Activity: Go through the data below and copy each line that includes "using".

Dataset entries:

lemma extd_kappa0_structure:
  assumes "x \<in> U"
  shows "extd (kappa0 F) x X Y =
      (- \<i>/3 * L1 (Lb1 (Lb1 k)) x / Lb1 k x
       + \<i>/9 * L1 (L1 kb) x * Lb1 (Lb1 k) x / (L1 kb x * Lb1 k x)
       + \<i>/3 * L1 (Lb1 k) x * Lb1 (Lb1 k) x / (Lb1 k x)^2
       - \<i>/9 * L1 (L1 kb) x / L1 kb x * Pb x
       + 2*\<i>/9 * Lb1 (Lb1 k) x / Lb1 k x * P x
       + \<i>/3 * L1 Pb x
       - 2*\<i>/9 * P x * Pb x) * wedge (rho0 F) (kappa0 F) x X Y
    + (- \<i>/3 * K (Lb1 (Lb1 k)) x / (Lb1 k x)^2
       + \<i>/3 * K (Lb1 k) x * Lb1 (Lb1 k) x / (Lb1 k x)^3
       - \<i>/3 * L1 (L1 kb) x / L1 kb x
       - \<i>/3 * Lb1 (L1 k) x / Lb1 k x
       - 2/3 * T k x / Lb1 k x) * wedge (rho0 F) (zeta0 F) x X Y
    + (- \<i>/3 * Lb1 (Lb1 (Lb1 k)) x / Lb1 k x
       + 4*\<i>/9 * (Lb1 (Lb1 k) x)^2 / (Lb1 k x)^2
       + \<i>/9 * Lb1 (Lb1 k) x / Lb1 k x * Pb x
       + \<i>/3 * Lb1 Pb x
       - 2*\<i>/9 * Pb x * Pb x) * wedge (rho0 F) (conjform (kappa0 F)) x X Y
    + 0 * wedge (rho0 F) (conjform (zeta0 F)) x X Y
    - L1 k x / Lb1 k x * wedge (kappa0 F) (zeta0 F) x X Y
    + (- 1/3 * Lb1 (Lb1 k) x / Lb1 k x + 1/3 * Pb x) * wedge (kappa0 F) (conjform (kappa0 F)) x X Y
    + wedge (zeta0 F) (conjform (kappa0 F)) x X Y"
  unfolding extd_kappa0_expand[OF assms] dirD_frame[OF smooth_k assms] dirD_frame[OF smooth_B0 assms]
    wedge_def conjform_def
  by (rule kappa0_structure_algebra[OF Lb1_k_nonzero[OF assms] L1_kb_nonzero[OF assms]
        coframe_values[OF assms, of X] coframe_values[OF assms, of Y]
        extd_rho0[OF assms, unfolded wedge_def conjform_def] Kb_k[OF assms] B0_def[of F x]
        derivation_B0[OF is_vfield_L1 assms] K_B0[OF assms] derivation_B0[OF is_vfield_Lb1 assms]
        Kb_B0[OF assms]])

lemma extd_zeta0_structure:
  assumes "x \<in> U"
  shows "extd (zeta0 F) x X Y =
      (\<i>/3 * L1 (L1 kb) x * Lb1 (Lb1 k) x / (L1 kb x * Lb1 k x)
       - \<i>/3 * L1 (Lb1 k) x * Lb1 (Lb1 k) x / (Lb1 k x)^2
       - \<i>/3 * Lb1 (Lb1 k) x / Lb1 k x * P x
       + \<i>/3 * L1 (Lb1 k) x / Lb1 k x * Pb x
       + T (Lb1 k) x / Lb1 k x) * wedge (rho0 F) (zeta0 F) x X Y
    + L1 (Lb1 k) x / Lb1 k x * wedge (kappa0 F) (zeta0 F) x X Y
    - Lb1 (Lb1 k) x / Lb1 k x * wedge (zeta0 F) (conjform (kappa0 F)) x X Y
    + Lb1 kb x / L1 kb x * wedge (zeta0 F) (conjform (zeta0 F)) x X Y"
  unfolding extd_zeta0_expand[OF assms] dirD_frame[OF derivation_smooth[OF open_U is_vfield_Lb1 smooth_k] assms]
    wedge_def conjform_def
  by (rule zeta0_structure_algebra[OF Lb1_k_nonzero[OF assms] L1_kb_nonzero[OF assms]
        coframe_values[OF assms, of X] coframe_values[OF assms, of Y] Kb_Lb1_k[OF assms]])

end

theorem proposition7p2:
  fixes F :: "pt \<Rightarrow> real" and U :: "pt set" and p X Y :: pt
  assumes "open U"
    and "real_analytic_on U F"
    and "\<forall>x\<in>U. ell F x \<noteq> 0"
    and "\<forall>x\<in>U. rank (levi F x) = 1"
    and "\<forall>x\<in>U. Lb1op F (kk F) x \<noteq> 0"
    and "p \<in> U"
  defines "k \<equiv> kk F" and "kb \<equiv> \<lambda>q. cnj (kk F q)"
    and "L1 \<equiv> L1op F" and "Lb1 \<equiv> Lb1op F" and "K \<equiv> Kop F" and "T \<equiv> Top F"
    and "P \<equiv> PP F" and "Pb \<equiv> \<lambda>q. cnj (PP F q)"
    and "\<rho> \<equiv> rho0 F" and "\<kappa> \<equiv> kappa0 F" and "\<zeta> \<equiv> zeta0 F"
    and "\<kappa>b \<equiv> conjform (kappa0 F)" and "\<zeta>b \<equiv> conjform (zeta0 F)"
  shows
   "extd \<rho> p X Y =
      (1/3 * L1 (L1 kb) p / L1 kb p + 2/3 * P p) * wedge \<rho> \<kappa> p X Y
    - L1 k p / Lb1 k p * wedge \<rho> \<zeta> p X Y
    + (1/3 * Lb1 (Lb1 k) p / Lb1 k p + 2/3 * Pb p) * wedge \<rho> \<kappa>b p X Y
    - Lb1 kb p / L1 kb p * wedge \<rho> \<zeta>b p X Y
    + \<i> * wedge \<kappa> \<kappa>b p X Y
   \<and>
   extd \<kappa> p X Y =
      (- \<i>/3 * L1 (Lb1 (Lb1 k)) p / Lb1 k p
       + \<i>/9 * L1 (L1 kb) p * Lb1 (Lb1 k) p / (L1 kb p * Lb1 k p)
       + \<i>/3 * L1 (Lb1 k) p * Lb1 (Lb1 k) p / (Lb1 k p)^2
       - \<i>/9 * L1 (L1 kb) p / L1 kb p * Pb p
       + 2*\<i>/9 * Lb1 (Lb1 k) p / Lb1 k p * P p
       + \<i>/3 * L1 Pb p
       - 2*\<i>/9 * P p * Pb p) * wedge \<rho> \<kappa> p X Y
    + (- \<i>/3 * K (Lb1 (Lb1 k)) p / (Lb1 k p)^2
       + \<i>/3 * K (Lb1 k) p * Lb1 (Lb1 k) p / (Lb1 k p)^3
       - \<i>/3 * L1 (L1 kb) p / L1 kb p
       - \<i>/3 * Lb1 (L1 k) p / Lb1 k p
       - 2/3 * T k p / Lb1 k p) * wedge \<rho> \<zeta> p X Y
    + (- \<i>/3 * Lb1 (Lb1 (Lb1 k)) p / Lb1 k p
       + 4*\<i>/9 * (Lb1 (Lb1 k) p)^2 / (Lb1 k p)^2
       + \<i>/9 * Lb1 (Lb1 k) p / Lb1 k p * Pb p
       + \<i>/3 * Lb1 Pb p
       - 2*\<i>/9 * Pb p * Pb p) * wedge \<rho> \<kappa>b p X Y
    + 0 * wedge \<rho> \<zeta>b p X Y
    - L1 k p / Lb1 k p * wedge \<kappa> \<zeta> p X Y
    + (- 1/3 * Lb1 (Lb1 k) p / Lb1 k p + 1/3 * Pb p) * wedge \<kappa> \<kappa>b p X Y
    + wedge \<zeta> \<kappa>b p X Y
   \<and>
   extd \<zeta> p X Y =
      (\<i>/3 * L1 (L1 kb) p * Lb1 (Lb1 k) p / (L1 kb p * Lb1 k p)
       - \<i>/3 * L1 (Lb1 k) p * Lb1 (Lb1 k) p / (Lb1 k p)^2
       - \<i>/3 * Lb1 (Lb1 k) p / Lb1 k p * P p
       + \<i>/3 * L1 (Lb1 k) p / Lb1 k p * Pb p
       + T (Lb1 k) p / Lb1 k p) * wedge \<rho> \<zeta> p X Y
    + L1 (Lb1 k) p / Lb1 k p * wedge \<kappa> \<zeta> p X Y
    - Lb1 (Lb1 k) p / Lb1 k p * wedge \<zeta> \<kappa>b p X Y
    + Lb1 kb p / L1 kb p * wedge \<zeta> \<zeta>b p X Y"
proof -
  interpret levi_rank_one F U
    using assms(1-5) by unfold_locales (auto simp: real_analytic_on_def)
  show ?thesis
    unfolding assms(7-19)
    using extd_rho0_structure extd_kappa0_structure extd_zeta0_structure assms(6) by blast
qed

end
lemma norm_power2_eq_sum_inner:
  fixes B :: "'a::euclidean_space set"
  assumes orth: "pairwise orthogonal B" and B1: "\<And>e. e \<in> B \<Longrightarrow> norm e = 1" and a: "a \<in> span B"
  shows "(norm a)\<^sup>2 = (\<Sum>e\<in>B. (a \<bullet> e)\<^sup>2)"
proof -
  have ee: "e \<bullet> e = 1" if "e \<in> B" for e using B1[OF that] by (metis power2_norm_eq_inner power_one)
  define r where "r = a - (\<Sum>e\<in>B. (e \<bullet> a / (e \<bullet> e)) *\<^sub>R e)"
  have "r \<in> span B" unfolding r_def by (intro span_diff a span_sum span_mul span_base)
  then have "orthogonal r r" using Gram_Schmidt_step[OF orth, of r a] by (simp add: r_def)
  then have "a = (\<Sum>e\<in>B. (e \<bullet> a / (e \<bullet> e)) *\<^sub>R e)" by (simp add: r_def orthogonal_def)
  also have "\<dots> = (\<Sum>e\<in>B. (e \<bullet> a) *\<^sub>R e)" by (intro sum.cong refl) (simp add: ee)
  finally have ae: "a = (\<Sum>e\<in>B. (e \<bullet> a) *\<^sub>R e)" .
  have "(norm a)\<^sup>2 = a \<bullet> a" by (rule power2_norm_eq_inner)
  also have "\<dots> = a \<bullet> (\<Sum>e\<in>B. (e \<bullet> a) *\<^sub>R e)" by (subst (2) ae) (rule refl)
  also have "\<dots> = (\<Sum>e\<in>B. (a \<bullet> e)\<^sup>2)" by (simp add: inner_sum_right inner_commute power2_eq_square)
  finally show ?thesis .
qed
definition is_tree :: "'t set \<Rightarrow> ('t \<Rightarrow> 't \<Rightarrow> bool) \<Rightarrow> bool" where
  "is_tree N A \<longleftrightarrow> finite N \<and>
     (\<forall>s t. A s t \<longrightarrow> s \<in> N \<and> t \<in> N \<and> s \<noteq> t \<and> A t s) \<and>
     connected_in A N \<and>
     (\<forall>s t. A s t \<longrightarrow> \<not> connected_in (\<lambda>a b. A a b \<and> {a, b} \<noteq> {s, t}) N)"

definition vine_decomposition ::
  "'a set \<Rightarrow> ('a \<Rightarrow> 'a \<Rightarrow> bool) \<Rightarrow> 't set \<Rightarrow> ('t \<Rightarrow> 't \<Rightarrow> bool) \<Rightarrow> ('t \<Rightarrow> 'a set) \<Rightarrow> bool" where
  "vine_decomposition V E N A L \<longleftrightarrow> is_tree N A \<and>
     (\<forall>t\<in>N. L t \<subseteq> V) \<and>
     (\<forall>v\<in>V. connected_in A {t\<in>N. v \<in> L t}) \<and>
     (\<forall>u\<in>V. \<forall>v\<in>V. E u v \<longrightarrow>
        ({t\<in>N. u \<in> L t} \<inter> {t\<in>N. v \<in> L t} \<noteq> {} \<or>
         (\<exists>s\<in>{t\<in>N. u \<in> L t}. \<exists>t\<in>{t\<in>N. v \<in> L t}. A s t)))"

definition width :: "'t set \<Rightarrow> ('t \<Rightarrow> 'a set) \<Rightarrow> nat" where
  "width N L = Max ((\<lambda>t. card (L t)) ` N)"

(* vinewidth: minimum width over all vine decompositions (tree nodes taken to be naturals,
   which is no loss of generality since trees are finite) *)
definition vinewidth :: "'a set \<Rightarrow> ('a \<Rightarrow> 'a \<Rightarrow> bool) \<Rightarrow> nat" where
  "vinewidth V E = Inf {width N L | (N :: nat set) A L. vine_decomposition V E N A L}"

definition grid_V :: "nat \<Rightarrow> (nat \<times> nat) set" where
  "grid_V k = {1..k} \<times> {1..k}"

definition grid_E :: "nat \<times> nat \<Rightarrow> nat \<times> nat \<Rightarrow> bool" where
  "grid_E p q \<longleftrightarrow> \<bar>int (fst p) - int (fst q)\<bar> + \<bar>int (snd p) - int (snd q)\<bar> = 1"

Problem solution:
    using assms(1-5) by unfold_locales (auto simp: real_analytic_on_def)
    using extd_rho0_structure extd_kappa0_structure extd_zeta0_structure assms(6) by blast
  have ee: "e \<bullet> e = 1" if "e \<in> B" for e using B1[OF that] by (metis power2_norm_eq_inner power_one)
  then have "orthogonal r r" using Gram_Schmidt_step[OF orth, of r a] by (simp add: r_def)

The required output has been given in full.